Lhasa contains several hotels. Lhasa Hotel is a 4-star hotel located northeast of Norbulingka in the western suburbs of the city. Completed in September 1985, it is the flagship of CITS's installations in Tibet. It accommodates about 1000 guests and visitors to Lhasa. There are over 450 rooms (suites) in the hotel, and all are equipped with air conditioning, mini-bar and other basic facilities. Some of the rooms are decorated in traditional Tibetan style. The hotel was operated by Holiday Inn from 1986 to 1997 and is the subject of a book, The Hotel on the Roof of the World. Another hotel of note is the historical Banak Shöl Hotel, located at 8 Beijing Road in the city. It is known for its distinctive wooden verandas.

Lhasa contains several businesses of note. Lhasa Carpet Factory, a factory south of Yanhe Dong Lu near the Tibet University, produces traditional Tibetan rugs that are exported worldwide. It is a modern factory, the largest manufacturer of rugs throughout Tibet, employing some 300 workers. Traditionally Tibetan women were the weavers, and men the spinners, but both work on the rugs today.

The Lhasa Brewery Company was established in 1988 on the northern outskirts of Lhasa, south of Sera Monastery and is the highest commercial brewery in the world at 11975 ft and accounts for 85 percent of contemporary beer production in Tibet. The brewery, consisting of five-story buildings, cost an estimated US$20–25 million, and by 1994, production had reached 30,000 bottles per day, employing some 200 workers by this time. Since 2000, the Carlsberg group has increased its stronghold in the Chinese market and has become increasingly influential in the country with investment and expertise. Carlsberg invested in the Lhasa Brewery in recent years and has drastically improved the brewing facility and working conditions, renovating and expanding the building to what now covers 62,240 square metres (15.3 acres).

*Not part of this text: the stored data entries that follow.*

(* Let $m\ge 2$ be even and $n$ a multiple of $m/2$. If $S\subseteq\{0,1\}^n$ is a set of mutually incomparable solutions with respect to $m$-LOTZ, then $|S|\le(2n/m+1)^{m-1}$.
   Context: $m$-LOTZ: $\{0,1\}^n\to\mathbb N_0^m$ is defined by splitting $x$ into $m/2$ consecutive blocks of length $2n/m$; for block $k\in[m/2]$ (bits $x_{(k-1)2n/m+1},\dots,x_{k\cdot 2n/m}$), $f_{2k-1}(x)$ is the number of leading ones of the block (length of its longest all-ones prefix) and $f_{2k}(x)$ is the number of trailing zeros of the block (length of its longest all-zeros suffix). All objectives are maximized. $x\succeq y$ iff $f_j(x)\ge f_j(y)$ for all $j$; $x,y$ are incomparable if neither $x\succeq y$ nor $y\succeq x$; $S$ is a set of mutually incomparable solutions if any two distinct elements of $S$ are incomparable. *)

theory Defs
  imports Main
begin

text \<open>Bit strings of length n are represented as bool lists of length n
  (True = 1). Blocks and objectives are 0-indexed: block k (k < m div 2)
  consists of positions k*b ..< (k+1)*b with b = 2n/m; objective j < m is
  the leading-ones count of block (j div 2) if j is even (paper: f_{2k-1})
  and the trailing-zeros count of block (j div 2) if j is odd (paper: f_{2k}).\<close>

definition blk_len :: "nat \<Rightarrow> nat \<Rightarrow> nat" where
  "blk_len m n = 2 * n div m"

definition block :: "nat \<Rightarrow> nat \<Rightarrow> bool list \<Rightarrow> nat \<Rightarrow> bool list" where
  "block m n x k = take (blk_len m n) (drop (k * blk_len m n) x)"

definition leading_ones :: "bool list \<Rightarrow> nat" where
  "leading_ones xs = length (takeWhile id xs)"

definition trailing_zeros :: "bool list \<Rightarrow> nat" where
  "trailing_zeros xs = length (takeWhile Not (rev xs))"

definition mLOTZ :: "nat \<Rightarrow> nat \<Rightarrow> bool list \<Rightarrow> nat \<Rightarrow> nat" where
  "mLOTZ m n x j =
     (if even j then leading_ones (block m n x (j div 2))
      else trailing_zeros (block m n x (j div 2)))"

definition weakly_dominates :: "nat \<Rightarrow> nat \<Rightarrow> bool list \<Rightarrow> bool list \<Rightarrow> bool" where
  "weakly_dominates m n x y = (\<forall>j<m. mLOTZ m n x j \<ge> mLOTZ m n y j)"

definition incomparable :: "nat \<Rightarrow> nat \<Rightarrow> bool list \<Rightarrow> bool list \<Rightarrow> bool" where
  "incomparable m n x y = (\<not> weakly_dominates m n x y \<and> \<not> weakly_dominates m n y x)"

definition mutually_incomparable :: "nat \<Rightarrow> nat \<Rightarrow> bool list set \<Rightarrow> bool" where
  "mutually_incomparable m n S = (\<forall>x\<in>S. \<forall>y\<in>S. x \<noteq> y \<longrightarrow> incomparable m n x y)"

end

theory Submission
  imports Defs
begin

text \<open>Two incomparable points cannot agree on all but one objective, since the remaining
  objective would then decide a dominance. Hence projecting onto the first m - 1 objectives
  is injective on a set of mutually incomparable solutions, and each objective of m-LOTZ
  takes one of the 2n/m + 1 values 0, ..., 2n/m.\<close>

lemma comparable_if_agree_except_last:
  fixes f g :: "nat \<Rightarrow> 'a::linorder"
  assumes "\<forall>j<m - 1. f j = g j"
  shows "(\<forall>j<m. g j \<le> f j) \<or> (\<forall>j<m. f j \<le> g j)"
proof -
  have agree_or_last: "f j = g j \<or> j = m - 1" if "j < m" for j
  proof (cases "j < m - 1")
    case True
    with assms show ?thesis by blast
  next
    case False
    with that show ?thesis by linarith
  qed
  show ?thesis
  proof (cases "g (m - 1) \<le> f (m - 1)")
    case True
    have "g j \<le> f j" if "j < m" for j
      using agree_or_last[OF that] True by auto
    then show ?thesis by blast
  next
    case False
    have "f j \<le> g j" if "j < m" for j
      using agree_or_last[OF that] False by auto
    then show ?thesis by blast
  qed
qed

lemma card_pairwise_incomparable_le:
  fixes f :: "'a \<Rightarrow> nat \<Rightarrow> nat"
  assumes bounded: "\<forall>x\<in>S. \<forall>j<m. f x j \<le> B"
    and incomparable: "\<forall>x\<in>S. \<forall>y\<in>S. x \<noteq> y \<longrightarrow> \<not> (\<forall>j<m. f y j \<le> f x j)"
  shows "card S \<le> (B + 1) ^ (m - 1)"
proof -
  define proj where "proj x = map (f x) [0..<m - 1]" for x
  define T where "T = {xs. set xs \<subseteq> {0..B} \<and> length xs = m - 1}"
  have "inj_on proj S"
  proof (rule inj_onI, rule ccontr)
    fix x y assume "x \<in> S" "y \<in> S" "proj x = proj y" "x \<noteq> y"
    have "f x j = f y j" if "j < m - 1" for j
      using arg_cong[OF \<open>proj x = proj y\<close>, of "\<lambda>xs. xs ! j"] that
      by (simp add: proj_def)
    then have "\<forall>j<m - 1. f x j = f y j" by blast
    then have "(\<forall>j<m. f y j \<le> f x j) \<or> (\<forall>j<m. f x j \<le> f y j)"
      by (rule comparable_if_agree_except_last)
    moreover have "\<not> (\<forall>j<m. f y j \<le> f x j)" "\<not> (\<forall>j<m. f x j \<le> f y j)"
      using incomparable \<open>x \<in> S\<close> \<open>y \<in> S\<close> \<open>x \<noteq> y\<close> by metis+
    ultimately show False by blast
  qed
  then have "card S = card (proj ` S)" by (simp add: card_image)
  also have "\<dots> \<le> card T"
  proof (rule card_mono)
    show "finite T" unfolding T_def by (rule finite_lists_length_eq) simp
    show "proj ` S \<subseteq> T" unfolding T_def proj_def using bounded by auto
  qed
  also have "card T = (B + 1) ^ (m - 1)"
    unfolding T_def by (subst card_lists_length_eq) auto
  finally show ?thesis .
qed

lemma leading_ones_le_length: "leading_ones xs \<le> length xs"
  unfolding leading_ones_def by (rule length_takeWhile_le)

lemma trailing_zeros_le_length: "trailing_zeros xs \<le> length xs"
  unfolding trailing_zeros_def by (metis length_takeWhile_le length_rev)

lemma mLOTZ_le_blk_len: "mLOTZ m n x j \<le> blk_len m n"
proof -
  have "length (block m n x k) \<le> blk_len m n" for k
    by (simp add: block_def)
  then show ?thesis
    unfolding mLOTZ_def
    using leading_ones_le_length trailing_zeros_le_length by (auto intro: le_trans)
qed

theorem lemma5:
  fixes m n :: nat and S :: "bool list set"
  assumes "even m" and "m \<ge> 2" and "(m div 2) dvd n"
    and "S \<subseteq> {x. length x = n}"
    and "mutually_incomparable m n S"
  shows "card S \<le> (2 * n div m + 1) ^ (m - 1)"
proof -
  have "card S \<le> (blk_len m n + 1) ^ (m - 1)"
  proof (rule card_pairwise_incomparable_le)
    show "\<forall>x\<in>S. \<forall>j<m. mLOTZ m n x j \<le> blk_len m n"
      using mLOTZ_le_blk_len by blast
    show "\<forall>x\<in>S. \<forall>y\<in>S. x \<noteq> y \<longrightarrow> \<not> (\<forall>j<m. mLOTZ m n y j \<le> mLOTZ m n x j)"
      using assms(5)
      unfolding mutually_incomparable_def incomparable_def weakly_dominates_def by blast
  qed
  then show ?thesis by (simp add: blk_len_def)
qed

end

== Architecture and Cityscape ==

Lhasa has many sites of historic interest, including the Potala Palace, Jokhang Temple, Sera Monastery and Norbulingka. The Potala Palace, Jokhang Temple and the Norbulingka are UNESCO world heritage sites. However, many important sites were damaged or destroyed mostly, but not solely, during China's Cultural Revolution of the 1960s. Many have been restored since the 1980s.

The Potala Palace, named after Mount Potala, the abode of Chenrezig or Avalokitesvara, was the chief residence of the Dalai Lama. After the 14th Dalai Lama fled to India during the 1959 Tibetan uprising, the government converted the palace into a museum. The site was used as a meditation retreat by King Songtsen Gampo, who in 637 built the first palace there in order to greet his bride Princess Wencheng of the Tang dynasty of China. Lobsang Gyatso, the Great Fifth Dalai Lama, started the construction of the Potala Palace in 1645 after one of his spiritual advisers, Konchog Chophel (d. 1646), pointed out that the site was ideal as a seat of government, situated as it is between Drepung and Sera monasteries and the old city of Lhasa. The palace underwent restoration works between 1989 and 1994, costing RMB55 million (US$6.875 million) and was inscribed to the UNESCO World Heritage List in 1994.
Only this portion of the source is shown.